Conway is the director of research and corporate engagement for ACRE, which is within UA’s Culverhouse College of Business, and Norton is the research coordinator at ACRE.
The logistics infrastructure needs are compelling, with 4.1 million miles of public roads requiring maintenance, 1.2 billion hours of annual delays for the trucking industry, a 17-fold increase in annual spending required to maintain railroads, and e-commerce warehouse demand growing from less than 5 percent of industrial leasing a decade ago to 20 percent today.
“The shift from shop-and-take-home to online-order-and-deliver is the convergence of retail and industrial real estate,” said Conway. “What does it need? What does it rely on?”
A horseless-carriage supply chain from the 1950s cannot support a modern e-commerce supply chain that is growing 25-30 percent per year because the age and state of current infrastructure is inhibiting future economic and real estate development, according to the researchers. This forces existing industry to relocate toward destinations that have modern logistics infrastructure, or LI. Retail, distribution and manufacturing businesses are at risk of leaving cities and states that don’t invest in LI and update aging infrastructure.
The ongoing shift toward online retail will result in fewer physical stores, with the tradeoff being many new fulfillment centers and warehouses aligned with new LI. Statistics show e-commerce fulfillment centers will displace one-third of America’s 1,100 malls in a few years.
The development metrics by the major commercial real estate brokerages suggest a boom is ahead for new industrial warehouse development due to e-commerce. Demand still exceeds supply resulting in another 800,000 to 1 billion square feet of new development across the U.S. over the next three years.
With the double-digit annual growth rates for online retail, highways and interstates are too one-dimensional to meet the needs of an online economy. A new type of multimodal supply chain including ports, rail and intermodal will define the logistics infrastructure.

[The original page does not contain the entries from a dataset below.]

lemma consensus_gradient_step_contraction:
  fixes x :: "'n::finite \<Rightarrow> real^'r^'d"
  assumes A: "symmetric_stochastic A" and xSt: "\<And>i. x i \<in> stiefel" and xb: "xb \<in> stiefel"
    and N2: "\<And>i. norm (x i - xb) \<le> \<delta>" and \<delta>: "\<delta>\<^sup>2 \<le> 2"
    and lower: "c * (1 - eigval A 2) * (\<Sum>i\<in>UNIV. (norm (x i - xb))\<^sup>2) \<le> 2 * consensus A x"
    and \<alpha>: "0 < \<alpha>" "\<alpha> \<le> (2 - \<delta>\<^sup>2) / (2 * (1 - eigval_min A))"
  shows "(\<Sum>i\<in>UNIV. (norm (x i - \<alpha> *\<^sub>R proj_tangent (x i) (x i - mix A x i) - xb))\<^sup>2)
    \<le> (1 - c * (1 - \<delta>\<^sup>2 / 2) * (1 - eigval A 2) * \<alpha>) * (\<Sum>i\<in>UNIV. (norm (x i - xb))\<^sup>2)"
proof -
  define g where "g i = proj_tangent (x i) (x i - mix A x i)" for i
  define Sz where "Sz = (\<Sum>i\<in>UNIV. (norm (x i - xb))\<^sup>2)"
  define \<Phi> where "\<Phi> = 2 * consensus A x"
  define L where "L = 1 - eigval_min A"
  have "\<alpha> * L \<le> 1 - \<delta>\<^sup>2 / 2"
    using step_size_bound[of \<alpha> "2 - \<delta>\<^sup>2" L] \<alpha> \<delta> by (simp add: L_def)
  have "0 \<le> \<Phi>" by (simp add: \<Phi>_def consensus_nonneg[OF A])
  have inner: "(1 - \<delta>\<^sup>2 / 2) * \<Phi> \<le> (\<Sum>i\<in>UNIV. (x i - xb) \<bullet> g i)"
    unfolding \<Phi>_def g_def by (rule inner_consensus_gradient_ge[OF A xSt xb N2])
  have grad: "(\<Sum>i\<in>UNIV. (norm (g i))\<^sup>2) \<le> L * \<Phi>"
    unfolding g_def L_def \<Phi>_def by (rule norm_consensus_gradient_le[OF A xSt])
  have "(\<Sum>i\<in>UNIV. (norm (x i - \<alpha> *\<^sub>R g i - xb))\<^sup>2)
      = Sz - 2 * \<alpha> * (\<Sum>i\<in>UNIV. (x i - xb) \<bullet> g i) + \<alpha>\<^sup>2 * (\<Sum>i\<in>UNIV. (norm (g i))\<^sup>2)"
    using sum_norm_diff_scaleR_sq[of "\<lambda>i. x i - xb" \<alpha> g UNIV]
    by (simp add: Sz_def algebra_simps)
  also have "\<dots> \<le> Sz - 2 * (\<alpha> * ((1 - \<delta>\<^sup>2 / 2) * \<Phi>)) + \<alpha> * (\<alpha> * L * \<Phi>)"
    using inner grad \<alpha>(1) by (intro add_mono diff_mono) (auto simp: power2_eq_square mult_left_mono)
  also have "\<dots> \<le> Sz - \<alpha> * ((1 - \<delta>\<^sup>2 / 2) * \<Phi>)"
  proof -
    have "Sz - 2 * X + Y \<le> Sz - X" if "Y \<le> X" for X Y :: real
      using that by linarith
    moreover have "\<alpha> * (\<alpha> * L * \<Phi>) \<le> \<alpha> * ((1 - \<delta>\<^sup>2 / 2) * \<Phi>)"
      using \<open>\<alpha> * L \<le> 1 - \<delta>\<^sup>2 / 2\<close> \<open>0 \<le> \<Phi>\<close> \<alpha>(1)
      by (intro mult_left_mono mult_right_mono) auto
    ultimately show ?thesis by blast
  qed
  also have "\<dots> \<le> Sz - \<alpha> * ((1 - \<delta>\<^sup>2 / 2) * (c * (1 - eigval A 2) * Sz))"
    using lower \<alpha>(1) \<delta> unfolding Sz_def \<Phi>_def
    by (intro diff_mono mult_left_mono) auto
  also have "\<dots> = (1 - c * (1 - \<delta>\<^sup>2 / 2) * (1 - eigval A 2) * \<alpha>) * Sz"
    by (simp add: field_simps)
  finally show ?thesis
    unfolding g_def Sz_def .
qed
lemma linearization_eq:
  assumes w: "w \<noteq> 0" "\<phi> w x \<in> W"
  shows "linearization x = \<psi> (inverse w) (S (\<phi> w x))"
proof -
  define w' where "w' = (SOME w. w \<noteq> 0 \<and> \<phi> w x \<in> W)"
  have w': "w' \<noteq> 0" "\<phi> w' x \<in> W" using someI[of "\<lambda>w. w \<noteq> 0 \<and> \<phi> w x \<in> W"] w by (auto simp: w'_def)
  have "linearization x = \<psi> (inverse w') (S (\<phi> w' x))"
    by (simp add: linearization_def w'_def Let_def)
  also have "\<dots> = \<psi> (inverse w) (S (\<phi> w x))"
    using contracting_or_inverse[of "w / w'"] w w' rescale[OF w] rescale[OF w']
    by (auto simp: inverse_eq_divide)
  finally show ?thesis .
qed

lemma common_time:
  assumes "x \<in> saturation" "x' \<in> saturation"
  obtains w where "w \<noteq> 0" "\<phi> w x \<in> W" "\<phi> w x' \<in> W"
proof -
  obtain w1 w2 where w: "w1 \<noteq> 0" "\<phi> w1 x \<in> W" "w2 \<noteq> 0" "\<phi> w2 x' \<in> W"
    using assms by (auto simp: saturation_def)
  show ?thesis
  proof (cases "w2 / w1 \<in> contracting")
    case True
    then show ?thesis using that[of w2] rescale(1)[OF w(1,2)] w by blast
  next
    case False
    then have "w1 / w2 \<in> contracting"
      using contracting_or_inverse[of "w2 / w1"] w by (auto simp: inverse_eq_divide)
    then show ?thesis using that[of w1] rescale(1)[OF w(3,4)] w by blast
  qed
qed

lemma open_saturation: "open saturation"
proof -
  have "saturation = (\<Union>w\<in>- {0}. \<phi> w -` W)" by (auto simp: saturation_def)
  moreover have "open (\<phi> w -` W)" if "w \<in> - {0}" for w
    using continuous_on_action[of w] that W(1) by (auto intro: open_vimage)
  ultimately show ?thesis by (metis open_UN)
qed

lemma p_in_saturation: "p \<in> saturation"
  using W(2) by (auto simp: saturation_def intro!: exI[of _ 1])

lemma saturation_invariant: "z \<noteq> 0 \<Longrightarrow> x \<in> saturation \<Longrightarrow> \<phi> z x \<in> saturation"
proof -
  assume z: "z \<noteq> 0" and "x \<in> saturation"
  then obtain w where w: "w \<noteq> 0" "\<phi> w x \<in> W" by (auto simp: saturation_def)
  then have "\<phi> (w / z) (\<phi> z x) \<in> W" using z action_mult[of "w / z" z x] by simp
  then show ?thesis using w z unfolding saturation_def by (intro CollectI exI[of _ "w / z"]) simp
qed

lemma linearization_equivariant:
  assumes z: "z \<noteq> 0" and x: "x \<in> saturation"
  shows "linearization (\<phi> z x) = \<psi> z (linearization x)"
proof -
  obtain w where w: "w \<noteq> 0" "\<phi> w x \<in> W" using x by (auto simp: saturation_def)
  have e: "\<phi> (w / z) (\<phi> z x) = \<phi> w x" using z w action_mult[of "w / z" z x] by simp
  have "linearization (\<phi> z x) = \<psi> (inverse (w / z)) (S (\<phi> w x))"
    using linearization_eq[of "w / z" "\<phi> z x"] e w z by simp
  also have "\<dots> = \<psi> z (\<psi> (inverse w) (S (\<phi> w x)))"
    using z w by (simp add: psi_mult field_simps)
  finally show ?thesis using linearization_eq[OF w] by simp
qed

lemma inj_on_linearization: "inj_on linearization saturation"
proof
  fix x x' assume x: "x \<in> saturation" "x' \<in> saturation" and eq: "linearization x = linearization x'"
  obtain w where w: "w \<noteq> 0" "\<phi> w x \<in> W" "\<phi> w x' \<in> W" using common_time[OF x] .
  have "S (\<phi> w x) = S (\<phi> w x')"
    using eq linearization_eq[OF w(1,2)] linearization_eq[OF w(1,3)] psi_inverse'[OF w(1)] by metis
  then have "\<phi> w x = \<phi> w x'" using S_bij w(2,3) by (auto simp: bij_betw_def inj_on_def)
  then show "x = x'" using action_inverse[OF w(1)] by metis
qed

lemma linearization_inverse:
  assumes w: "w \<noteq> 0" "\<psi> w u \<in> B"
  shows "\<phi> (inverse w) (inv_into W S (\<psi> w u)) \<in> saturation"
    and "linearization (\<phi> (inverse w) (inv_into W S (\<psi> w u))) = u"
    and "inv_into saturation linearization u = \<phi> (inverse w) (inv_into W S (\<psi> w u))"
proof -
  define x where "x = inv_into W S (\<psi> w u)"
  have x: "x \<in> W" "S x = \<psi> w u"
    using w(2) S_bij by (auto simp: x_def bij_betw_def inv_into_into f_inv_into_f)
  have e: "\<phi> w (\<phi> (inverse w) x) = x" using action_mult[of w "inverse w" x] w(1) by simp
  show sat: "\<phi> (inverse w) x \<in> saturation" using e x w(1) by (auto simp: saturation_def)
  show lin: "linearization (\<phi> (inverse w) x) = u"
    using linearization_eq[of w] e x w(1) by (simp add: psi_inverse)
  show "inv_into saturation linearization u = \<phi> (inverse w) x"
    by (rule inv_into_f_eq[OF inj_on_linearization sat lin])
qed

lemma zero_in_B: "0 \<in> B"
  using S_bij W(2) S_p by (auto simp: bij_betw_def)

lemma linearization_surj: "linearization ` saturation = UNIV"
proof -
  have "u \<in> linearization ` saturation" for u
  proof -
    obtain w where "w \<noteq> 0" "\<psi> w u \<in> B" using psi_absorbing[OF open_B zero_in_B] .
    from linearization_inverse(1,2)[OF this] show ?thesis by (metis image_eqI)
  qed
  then show ?thesis by auto
qed

lemma holo_from_mfd_linearization: "holo_from_mfd atlas saturation linearization"
  unfolding holo_from_mfd_def
proof (intro conjI open_saturation ballI, clarify)
  fix U1 \<xi>1 assume ch1: "(U1, \<xi>1) \<in> atlas"
  show "holo (\<xi>1 ` (U1 \<inter> saturation)) (linearization \<circ> inv_into U1 \<xi>1)"
  proof (rule holo_locally)
    show "open (\<xi>1 ` (U1 \<inter> saturation))" by (rule chart_open_image[OF ch1 open_saturation])
    fix y0 assume "y0 \<in> \<xi>1 ` (U1 \<inter> saturation)"
    then obtain x0 where x0: "x0 \<in> U1" "x0 \<in> saturation" "y0 = \<xi>1 x0" by auto
    then obtain w where w: "w \<noteq> 0" "\<phi> w x0 \<in> W" by (auto simp: saturation_def)
    obtain U2 \<xi>2 where ch2: "(U2, \<xi>2) \<in> atlas" "\<phi> w x0 \<in> U2" by (rule chart_cover)
    define H where "H y = \<xi>2 (\<phi> w (inv_into U1 \<xi>1 y))" for y
    define N where "N = {y \<in> \<xi>1 ` U1. \<phi> w (inv_into U1 \<xi>1 y) \<in> U2} \<inter> H -` (\<xi>2 ` (U2 \<inter> W))"
    have "holo N ((S \<circ> inv_into U2 \<xi>2) \<circ> H)"
      unfolding N_def H_def
      by (rule holo_compose[OF holo_action[OF ch1 ch2(1) w(1)] holo_from_mfdD[OF S_holo ch2(1)]])
    moreover have "inverse w \<noteq> 0" using w(1) by simp
    ultimately have "holo N (\<psi> (inverse w) \<circ> ((S \<circ> inv_into U2 \<xi>2) \<circ> H))"
      by (rule holo_compose_linear[OF _ complex_linear_psi])
    moreover have "y0 \<in> N"
      using x0 w ch1 ch2 by (auto simp: N_def H_def)
    moreover have
      "(\<psi> (inverse w) \<circ> ((S \<circ> inv_into U2 \<xi>2) \<circ> H)) y = (linearization \<circ> inv_into U1 \<xi>1) y"
      if "y \<in> N" for y
    proof -
      let ?x = "inv_into U1 \<xi>1 y"
      have "H y \<in> \<xi>2 ` (U2 \<inter> W)" using that by (simp add: N_def)
      then obtain x' where x': "x' \<in> U2" "x' \<in> W" "H y = \<xi>2 x'" by blast
      have "\<phi> w ?x \<in> U2" using that by (simp add: N_def)
      then have "inv_into U2 \<xi>2 (H y) = \<phi> w ?x" using ch2(1) by (simp add: H_def)
      moreover have "inv_into U2 \<xi>2 (H y) = x'" using x' ch2(1) by simp
      ultimately show ?thesis using linearization_eq[of w ?x] w(1) x'(2) by simp
    qed
    ultimately show "\<exists>N g. y0 \<in> N \<and> holo N g \<and> (\<forall>y\<in>N. g y = (linearization \<circ> inv_into U1 \<xi>1) y)"
      by blast
  qed
qed

lemma continuous_on_linearization_inverse: "continuous_on UNIV (inv_into saturation linearization)"
proof (rule continuous_at_imp_continuous_on, intro ballI)
  fix u0 :: "complex^'n"
  obtain w where w: "w \<noteq> 0" "\<psi> w u0 \<in> B" by (rule psi_absorbing[OF open_B zero_in_B])
  note eq = linearization_inverse(3)[OF w(1)]
  have "open (\<psi> w -` B)"
    using open_B
    by (rule continuous_open_vimage) (rule linear_continuous_at[OF bounded_linear_psi[OF w(1)]])
  then have ev: "\<forall>\<^sub>F u in nhds u0.
      inv_into saturation linearization u = \<phi> (inverse w) (inv_into W S (\<psi> w u))"
    using w(2) eq unfolding eventually_nhds by blast
  moreover have "isCont (\<lambda>u. \<phi> (inverse w) (inv_into W S (\<psi> w u))) u0"
  proof -
    have "isCont (\<psi> w) u0" by (rule linear_continuous_at[OF bounded_linear_psi[OF w(1)]])
    moreover have "isCont (inv_into W S) (\<psi> w u0)"
      using S_inv_holo open_B w(2) by (simp add: holo_to_mfd_def continuous_on_eq_continuous_at)
    moreover have "isCont (\<phi> (inverse w)) (inv_into W S (\<psi> w u0))"
      using continuous_on_action[of "inverse w"] w(1) by (simp add: continuous_on_eq_continuous_at)
    ultimately show ?thesis by (rule isCont_o2[OF isCont_o2])
  qed
  ultimately show "isCont (inv_into saturation linearization) u0"
    using isCont_cong[OF ev] by simp
qed

lemma holo_to_mfd_linearization_inverse:
  "holo_to_mfd atlas UNIV (inv_into saturation linearization)"
  unfolding holo_to_mfd_def
proof (intro conjI open_UNIV continuous_on_linearization_inverse ballI, clarify)
  fix U2 \<xi>2 assume ch2: "(U2, \<xi>2) \<in> atlas"
  let ?L = "inv_into saturation linearization"
  show "holo (UNIV \<inter> ?L -` U2) (\<xi>2 \<circ> ?L)"
  proof (rule holo_locally)
    show "open (UNIV \<inter> ?L -` U2)"
      using open_vimage[OF chart(1)[OF ch2] continuous_on_linearization_inverse] by simp
    fix u0 assume u0: "u0 \<in> UNIV \<inter> ?L -` U2"
    obtain w where w: "w \<noteq> 0" "\<psi> w u0 \<in> B" by (rule psi_absorbing[OF open_B zero_in_B])
    note eq = linearization_inverse(3)[OF w(1)]
    have iw: "inverse w \<noteq> 0" using w(1) by simp
    define x1 where "x1 = inv_into W S (\<psi> w u0)"
    have "x1 \<in> W" using w(2) S_bij by (simp add: x1_def bij_betw_def inv_into_into)
    obtain U1 \<xi>1 where ch1: "(U1, \<xi>1) \<in> atlas" "x1 \<in> U1" by (rule chart_cover)
    define H where "H y = \<xi>2 (\<phi> (inverse w) (inv_into U1 \<xi>1 y))" for y
    define N where "N = (UNIV \<inter> \<psi> w -` (B \<inter> inv_into W S -` U1)) \<inter>
      ((\<xi>1 \<circ> inv_into W S) \<circ> \<psi> w) -` {y \<in> \<xi>1 ` U1. \<phi> (inverse w) (inv_into U1 \<xi>1 y) \<in> U2}"
    note h1 = holo_to_mfdD[OF S_inv_holo ch1(1)]
    have "holo (UNIV \<inter> \<psi> w -` (B \<inter> inv_into W S -` U1)) ((\<xi>1 \<circ> inv_into W S) \<circ> \<psi> w)"
      by (rule holo_compose[OF holo_complex_linear[OF open_UNIV complex_linear_psi[OF w(1)]] h1])
    from holo_compose[OF this holo_action[OF ch1(1) ch2 iw]]
    have "holo N (H \<circ> ((\<xi>1 \<circ> inv_into W S) \<circ> \<psi> w))" unfolding N_def H_def .
    moreover have "u0 \<in> N"
      using w(2) ch1 u0 eq[OF w(2)] by (simp add: N_def x1_def[symmetric])
    moreover have "(H \<circ> ((\<xi>1 \<circ> inv_into W S) \<circ> \<psi> w)) u = (\<xi>2 \<circ> ?L) u" if "u \<in> N" for u
      using that ch1(1) eq by (simp add: N_def H_def)
    ultimately show "\<exists>N g. u0 \<in> N \<and> holo N g \<and> (\<forall>u\<in>N. g u = (\<xi>2 \<circ> ?L) u)"
      by blast
  qed
qed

However, reliance on the federal government to fund LI for port projects, rail, intermodal or needed supply chain components is too lottery-like a strategy to fund our economy’s circulation system, the researchers indicate.
“Of the billions of dollars available annually to fund our ports and inland waterways via the Harbor Maintenance Trust Fund, only 10 percent of yearly balances are distributed to ports,” according to the paper.
States are on their own to invest in a modern logistics infrastructure. As the capital for logistics infrastructure investment moves toward ports that have diversified from principally bulk cargo, the time has come, the researchers said, to rank our North American ports based on a more dynamic method than the current single variable of 20-foot equivalent unit container count.
Conway and Norton recommend a new model incorporating factors like port depth, Class I rail connectivity, number of PPMX Gantry Cranes, and usage by shipping alliances.
A preview of the paper can be viewed on the ACRE website. The full 60-page paper is also available for purchase on the site.
This paper is the first in an annual series from ACRE on topics that impact Alabama’s real estate industry at large and the broader Southeastern region of the United States, including the vitally important Gulf Coast.